Collected data entries:
*** Block opens ***

(* Let $\Lambda$ be an abelian group and $\mathrm{Coc}=\{c:V\to\prod_{\mathbf{Q}_2}\Lambda:\ c_{vw}=c_v\cdot c_w^v\ \forall v,w\in V\}$, where $c_w^v(x)=c_w(v^{-1}x)$. Then: (1) with the pointwise product $(c\cdot d)_v(x)=c_v(x)d_v(x)$, $\mathrm{Coc}$ is an abelian group; (2) for each $\zeta\in\Lambda$, $s(\zeta)_v(x)=\zeta^{\log_2(v'(v^{-1}x))}$ defines an element of $\mathrm{Coc}$; (3) for every $c\in\mathrm{Coc}$ there exist $\zeta\in\Lambda$ and $f\in\prod_{\mathbf{Q}_2}\Lambda$ with $c_v=s(\zeta)_v\cdot f(f^v)^{-1}$ for all $v\in V$, and the pair $(\zeta,f)$ is unique up to multiplying $f$ by a constant map; (4) the assignment $c\mapsto(\zeta,f)$ is a group isomorphism from $\mathrm{Coc}$ onto $\Lambda\times\big(\prod_{\mathbf{Q}_2}\Lambda\big)/\Lambda$ (with $\Lambda$ embedded as constant maps).
   Context: Cantor space $\mathfrak C=\{0,1\}^{\mathbf N}$; $C_m=\{m\cdot x\}$. Thompson's group $V$: homeomorphisms $v$ with $v(m_kx)=m'_kx$ for partitions $\mathfrak C=\bigsqcup C_{m_k}=\bigsqcup C_{m'_k}$; slope $v'(x)=2^{|m_k|-|m'_k|}$ on $C_{m_k}$. $\mathbf{Q}_2\subset\mathfrak C$: eventually-zero sequences (a $V$-invariant set). For $f\in\prod_{\mathbf{Q}_2}\Lambda$, $f^v(x)=f(v^{-1}x)$. *)

theory Defs
  imports "HOL-Algebra.Algebra" "HOL-Algebra.Product_Groups"
begin

type_synonym cantor = "nat \<Rightarrow> bool"

definition pre :: "bool list \<Rightarrow> cantor \<Rightarrow> cantor" where
  "pre m x = (\<lambda>n. if n < length m then m ! n else x (n - length m))"

definition cyl :: "bool list \<Rightarrow> cantor set" where
  "cyl m = range (pre m)"

definition cyl_partition :: "bool list list \<Rightarrow> bool" where
  "cyl_partition ms \<longleftrightarrow> (\<forall>x. \<exists>!k. k < length ms \<and> x \<in> cyl (ms ! k))"

definition represents :: "(cantor \<Rightarrow> cantor) \<Rightarrow> bool list list \<Rightarrow> bool list list \<Rightarrow> bool" where
  "represents v ms ms' \<longleftrightarrow> length ms = length ms' \<and> cyl_partition ms \<and> cyl_partition ms' \<and>
     (\<forall>k < length ms. \<forall>x. v (pre (ms ! k) x) = pre (ms' ! k) x)"

definition thompsonV :: "(cantor \<Rightarrow> cantor) set" where
  "thompsonV = {v. bij v \<and> (\<exists>ms ms'. represents v ms ms')}"

text \<open>log_2 of the slope v'(x): on C_{m_k}, v'(x) = 2^(|m_k| - |m'_k|), so
  log_2 v'(x) = |m_k| - |m'_k| (independent of the chosen representation)\<close>
definition log2_slope :: "(cantor \<Rightarrow> cantor) \<Rightarrow> cantor \<Rightarrow> int" where
  "log2_slope v x = (SOME d. \<exists>ms ms'. represents v ms ms' \<and>
      (\<exists>k < length ms. x \<in> cyl (ms ! k) \<and> d = int (length (ms ! k)) - int (length (ms' ! k))))"

definition slope :: "(cantor \<Rightarrow> cantor) \<Rightarrow> cantor \<Rightarrow> real" where
  "slope v x = 2 powi log2_slope v x"

definition Q2 :: "cantor set" where
  "Q2 = {x. \<exists>N. \<forall>n\<ge>N. \<not> x n}"

definition PQ :: "('a, 'b) monoid_scheme \<Rightarrow> (cantor \<Rightarrow> 'a) monoid" where
  "PQ L = product_group Q2 (\<lambda>_. L)"

definition constQ :: "('a, 'b) monoid_scheme \<Rightarrow> (cantor \<Rightarrow> 'a) set" where
  "constQ L = (\<lambda>z. \<lambda>x\<in>Q2. z) ` carrier L"

definition Coc :: "('a, 'b) monoid_scheme \<Rightarrow> ((cantor \<Rightarrow> cantor) \<Rightarrow> cantor \<Rightarrow> 'a) set" where
  "Coc L = {c \<in> (\<Pi>\<^sub>E v\<in>thompsonV. \<Pi>\<^sub>E x\<in>Q2. carrier L).
      \<forall>v\<in>thompsonV. \<forall>w\<in>thompsonV. \<forall>x\<in>Q2.
        c (v \<circ> w) x = c v x \<otimes>\<^bsub>L\<^esub> c w (inv_into UNIV v x)}"

definition CocG :: "('a, 'b) monoid_scheme \<Rightarrow> ((cantor \<Rightarrow> cantor) \<Rightarrow> cantor \<Rightarrow> 'a) monoid" where
  "CocG L = (product_group thompsonV (\<lambda>_. PQ L)) \<lparr>carrier := Coc L\<rparr>"

definition sC :: "('a, 'b) monoid_scheme \<Rightarrow> 'a \<Rightarrow> (cantor \<Rightarrow> cantor) \<Rightarrow> cantor \<Rightarrow> 'a" where
  "sC L z = (\<lambda>v\<in>thompsonV. \<lambda>x\<in>Q2. z [^]\<^bsub>L\<^esub> log2_slope v (inv_into UNIV v x))"

definition decomp :: "('a, 'b) monoid_scheme \<Rightarrow> ((cantor \<Rightarrow> cantor) \<Rightarrow> cantor \<Rightarrow> 'a) \<Rightarrow> 'a \<Rightarrow> (cantor \<Rightarrow> 'a) \<Rightarrow> bool" where
  "decomp L c z f \<longleftrightarrow> (\<forall>v\<in>thompsonV. \<forall>x\<in>Q2.
      c v x = sC L z v x \<otimes>\<^bsub>L\<^esub> f x \<otimes>\<^bsub>L\<^esub> inv\<^bsub>L\<^esub> (f (inv_into UNIV v x)))"

definition Phi :: "('a, 'b) monoid_scheme \<Rightarrow> ((cantor \<Rightarrow> cantor) \<Rightarrow> cantor \<Rightarrow> 'a) \<Rightarrow> 'a \<times> (cantor \<Rightarrow> 'a) set" where
  "Phi L c = (let p = (SOME p. fst p \<in> carrier L \<and> snd p \<in> carrier (PQ L) \<and> decomp L c (fst p) (snd p))
              in (fst p, constQ L #>\<^bsub>PQ L\<^esub> snd p))"

end

theory Submission
  imports Defs "HOL-Library.Sublist"
begin

text \<open>
  For a cocycle \<open>c\<close>, the map \<open>h \<mapsto> c\<^sub>h(0\<^sup>\<infinity>)\<close> is a homomorphism from the stabiliser of
  \<open>0\<^sup>\<infinity>\<close> in \<open>V\<close> to \<open>\<Lambda>\<close>. Every such homomorphism into an abelian group is a power of the
  germ of the slope at \<open>0\<^sup>\<infinity>\<close>: a swap of two cylinders avoiding \<open>0\<^sup>\<infinity>\<close> is the square
  of a product of two involutions and is therefore killed, and after composing with swaps and with
  an element \<open>\<tau>\<close> of slope 2 at \<open>0\<^sup>\<infinity>\<close> (induction on the size of a complete prefix code)
  every stabiliser element becomes a permutation of the cylinders of a fixed code, i.e. a
  product of such swaps. Hence for \<open>\<zeta> = c\<^sub>\<tau>(0\<^sup>\<infinity>)\<close> the cocycle \<open>c \<cdot> s(\<zeta>)\<^sup>-\<^sup>1\<close> is trivial on
  the stabiliser, and since \<open>V\<close> acts transitively on \<open>Q\<^sub>2\<close> it is the coboundary of
  \<open>f(x) = c\<^sub>g(x) s(\<zeta>)\<^sub>g(x)\<^sup>-\<^sup>1\<close> for any \<open>g \<in> V\<close> with \<open>g(0\<^sup>\<infinity>) = x\<close>. Evaluating a
  decomposition at \<open>\<tau>\<close> recovers \<open>\<zeta>\<close>, and a coboundary determines \<open>f\<close> up to a constant;
  this gives uniqueness and the isomorphism.
\<close>

section \<open>Words and cylinders\<close>

definition shift :: "nat \<Rightarrow> cantor \<Rightarrow> cantor" where
  "shift k x = (\<lambda>i. x (i + k))"

definition zeros :: cantor where
  "zeros = (\<lambda>_. False)"

text \<open>Inside group contexts \<open>inv\<close> is the group inverse, hence a separate name for \<open>inv_into UNIV\<close>.\<close>
abbreviation finv :: "('a \<Rightarrow> 'b) \<Rightarrow> 'b \<Rightarrow> 'a" where
  "finv f \<equiv> inv_into UNIV f"

lemma in_cyl_iff: "x \<in> cyl m \<longleftrightarrow> (\<forall>i<length m. x i = m ! i)"
proof
  assume "x \<in> cyl m"
  then show "\<forall>i<length m. x i = m ! i" by (auto simp: cyl_def pre_def)
next
  assume "\<forall>i<length m. x i = m ! i"
  then have "x = pre m (shift (length m) x)" by (auto simp: pre_def shift_def)
  then show "x \<in> cyl m" by (auto simp: cyl_def)
qed

lemma pre_in_cyl [simp]: "pre m y \<in> cyl m"
  by (simp add: cyl_def)

lemma pre_shift: "x \<in> cyl m \<Longrightarrow> pre m (shift (length m) x) = x"
  by (auto simp: in_cyl_iff pre_def shift_def)

lemma shift_pre [simp]: "shift (length m) (pre m y) = y"
  by (auto simp: pre_def shift_def)

lemma shift_pre_length: "length m = k \<Longrightarrow> shift k (pre m y) = y"
  by (simp add: shift_def pre_def)

lemma pre_Nil [simp]: "pre [] y = y"
  by (simp add: pre_def)

lemma pre_append: "pre (a @ b) y = pre a (pre b y)"
  by (auto simp: pre_def nth_append)

lemma pre_Cons: "pre (e # m) y = pre [e] (pre m y)"
  using pre_append[of "[e]" m] by simp

lemma in_cyl_map_upt: "x \<in> cyl (map x [0..<n])"
  by (simp add: in_cyl_iff)

lemma in_cyl_pre_iff:
  assumes "length a \<le> length m"
  shows "pre m y \<in> cyl a \<longleftrightarrow> prefix a m"
proof -
  have "pre m y \<in> cyl a \<longleftrightarrow> take (length a) m = a"
    using assms by (auto simp: in_cyl_iff pre_def list_eq_iff_nth_eq)
  also have "\<dots> \<longleftrightarrow> prefix a m"
  proof
    assume "take (length a) m = a"
    then show "prefix a m" by (metis take_is_prefix)
  qed (auto simp: prefix_def)
  finally show ?thesis .
qed

lemma pre_in_cyl_append_iff: "pre a y \<in> cyl (a @ r) \<longleftrightarrow> y \<in> cyl r"
proof
  assume "pre a y \<in> cyl (a @ r)"
  then have "pre a y (length a + i) = (a @ r) ! (length a + i)" if "i < length r" for i
    using that by (simp add: in_cyl_iff)
  then show "y \<in> cyl r"
    by (simp add: in_cyl_iff pre_def)
next
  assume "y \<in> cyl r"
  then show "pre a y \<in> cyl (a @ r)"
    by (simp add: in_cyl_iff pre_def nth_append)
qed

lemma pre_Cons_in_cyl_Cons_iff: "pre (a # r) y \<in> cyl (b # s) \<longleftrightarrow> a = b \<and> pre r y \<in> cyl s"
proof -
  have "pre (a # r) y (Suc i) = pre r y i" for i
    by (simp add: pre_def)
  moreover have "pre (a # r) y 0 = a"
    by (simp add: pre_def)
  ultimately show ?thesis
    unfolding in_cyl_iff by (simp add: All_less_Suc2)
qed

lemma in_cyl_split:
  assumes "x \<in> cyl u"
  shows "\<exists>e y. x = pre (u @ [e]) y"
proof -
  have s: "shift (length u) x = pre [x (length u)] (shift (Suc (length u)) x)"
    by (auto simp: fun_eq_iff pre_def shift_def)
  have "pre (u @ [x (length u)]) (shift (Suc (length u)) x) = x"
    using pre_shift[OF assms] unfolding s pre_append .
  then show ?thesis
    by (intro exI) (rule sym)
qed

lemma prefix_pre_in_cyl: "prefix a m \<Longrightarrow> pre m y \<in> cyl a"
  by (auto simp: prefix_def pre_append)

lemma cyl_append_subset: "cyl (a @ b) \<subseteq> cyl a"
  by (auto simp: in_cyl_iff nth_append)

lemma in_cyl_prefix:
  assumes "x \<in> cyl a" "x \<in> cyl b" "length a \<le> length b"
  shows "prefix a b"
proof -
  have "pre b (shift (length b) x) \<in> cyl a" using assms pre_shift by simp
  then show ?thesis using assms(3) in_cyl_pre_iff by blast
qed

lemma in_cyl_same_length: "x \<in> cyl a \<Longrightarrow> x \<in> cyl b \<Longrightarrow> length a = length b \<Longrightarrow> a = b"
  by (auto simp: in_cyl_iff list_eq_iff_nth_eq)

lemma parallel_cyl_disjoint: "a \<parallel> b \<Longrightarrow> cyl a \<inter> cyl b = {}"
  by (metis disjoint_iff in_cyl_prefix nle_le parallelE)

lemma pre_notin_parallel_cyl: "a \<parallel> b \<Longrightarrow> pre b y \<notin> cyl a"
  using parallel_cyl_disjoint pre_in_cyl by blast

lemma pre_eq_imp_eq:
  assumes "\<And>y. pre a y = pre b y"
  shows "a = b"
proof -
  have "prefix a b \<or> prefix b a"
    using assms in_cyl_prefix pre_in_cyl by (metis nle_le)
  moreover have "\<not> strict_prefix a b" "\<not> strict_prefix b a"
  proof -
    have "pre c (\<lambda>_. \<not> d ! length c) \<noteq> pre d (\<lambda>_. \<not> d ! length c)"
      if "strict_prefix c d" for c d :: "bool list"
    proof -
      have "length c < length d" using that prefix_length_less by blast
      then show ?thesis by (auto simp: pre_def fun_eq_iff intro!: exI[of _ "length c"])
    qed
    then show "\<not> strict_prefix a b" "\<not> strict_prefix b a"
      using assms by metis+
  qed
  ultimately show ?thesis by (auto simp: strict_prefix_def)
qed

lemma pre_in_Q2_iff: "pre m y \<in> Q2 \<longleftrightarrow> y \<in> Q2"
proof
  assume "pre m y \<in> Q2"
  then obtain N where N: "\<forall>n\<ge>N. \<not> pre m y n" by (auto simp: Q2_def)
  then have "\<forall>n\<ge>N. \<not> y n"
  proof (intro allI impI)
    fix n assume "n \<ge> N"
    then have "\<not> pre m y (n + length m)" using N by simp
    then show "\<not> y n" by (simp add: pre_def)
  qed
  then show "y \<in> Q2" by (auto simp: Q2_def)
next
  assume "y \<in> Q2"
  then obtain N where "\<forall>n\<ge>N. \<not> y n" by (auto simp: Q2_def)
  then have "\<forall>n\<ge>N + length m. \<not> pre m y n" by (simp add: pre_def)
  then show "pre m y \<in> Q2" by (auto simp: Q2_def)
qed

*** Block closes ***

Could you restate word for word the lines above, from the one that contains "decomposition at \<open>\<tau>\<close>" through the one that contains "a \<longleftrightarrow> prefix", and no others?

  decomposition at \<open>\<tau>\<close> recovers \<open>\<zeta>\<close>, and a coboundary determines \<open>f\<close> up to a constant;
  this gives uniqueness and the isomorphism.
\<close>

section \<open>Words and cylinders\<close>

definition shift :: "nat \<Rightarrow> cantor \<Rightarrow> cantor" where
  "shift k x = (\<lambda>i. x (i + k))"

definition zeros :: cantor where
  "zeros = (\<lambda>_. False)"

text \<open>Inside group contexts \<open>inv\<close> is the group inverse, hence a separate name for \<open>inv_into UNIV\<close>.\<close>
abbreviation finv :: "('a \<Rightarrow> 'b) \<Rightarrow> 'b \<Rightarrow> 'a" where
  "finv f \<equiv> inv_into UNIV f"

lemma in_cyl_iff: "x \<in> cyl m \<longleftrightarrow> (\<forall>i<length m. x i = m ! i)"
proof
  assume "x \<in> cyl m"
  then show "\<forall>i<length m. x i = m ! i" by (auto simp: cyl_def pre_def)
next
  assume "\<forall>i<length m. x i = m ! i"
  then have "x = pre m (shift (length m) x)" by (auto simp: pre_def shift_def)
  then show "x \<in> cyl m" by (auto simp: cyl_def)
qed

lemma pre_in_cyl [simp]: "pre m y \<in> cyl m"
  by (simp add: cyl_def)

lemma pre_shift: "x \<in> cyl m \<Longrightarrow> pre m (shift (length m) x) = x"
  by (auto simp: in_cyl_iff pre_def shift_def)

lemma shift_pre [simp]: "shift (length m) (pre m y) = y"
  by (auto simp: pre_def shift_def)

lemma shift_pre_length: "length m = k \<Longrightarrow> shift k (pre m y) = y"
  by (simp add: shift_def pre_def)

lemma pre_Nil [simp]: "pre [] y = y"
  by (simp add: pre_def)

lemma pre_append: "pre (a @ b) y = pre a (pre b y)"
  by (auto simp: pre_def nth_append)

lemma pre_Cons: "pre (e # m) y = pre [e] (pre m y)"
  using pre_append[of "[e]" m] by simp

lemma in_cyl_map_upt: "x \<in> cyl (map x [0..<n])"
  by (simp add: in_cyl_iff)

lemma in_cyl_pre_iff:
  assumes "length a \<le> length m"
  shows "pre m y \<in> cyl a \<longleftrightarrow> prefix a m"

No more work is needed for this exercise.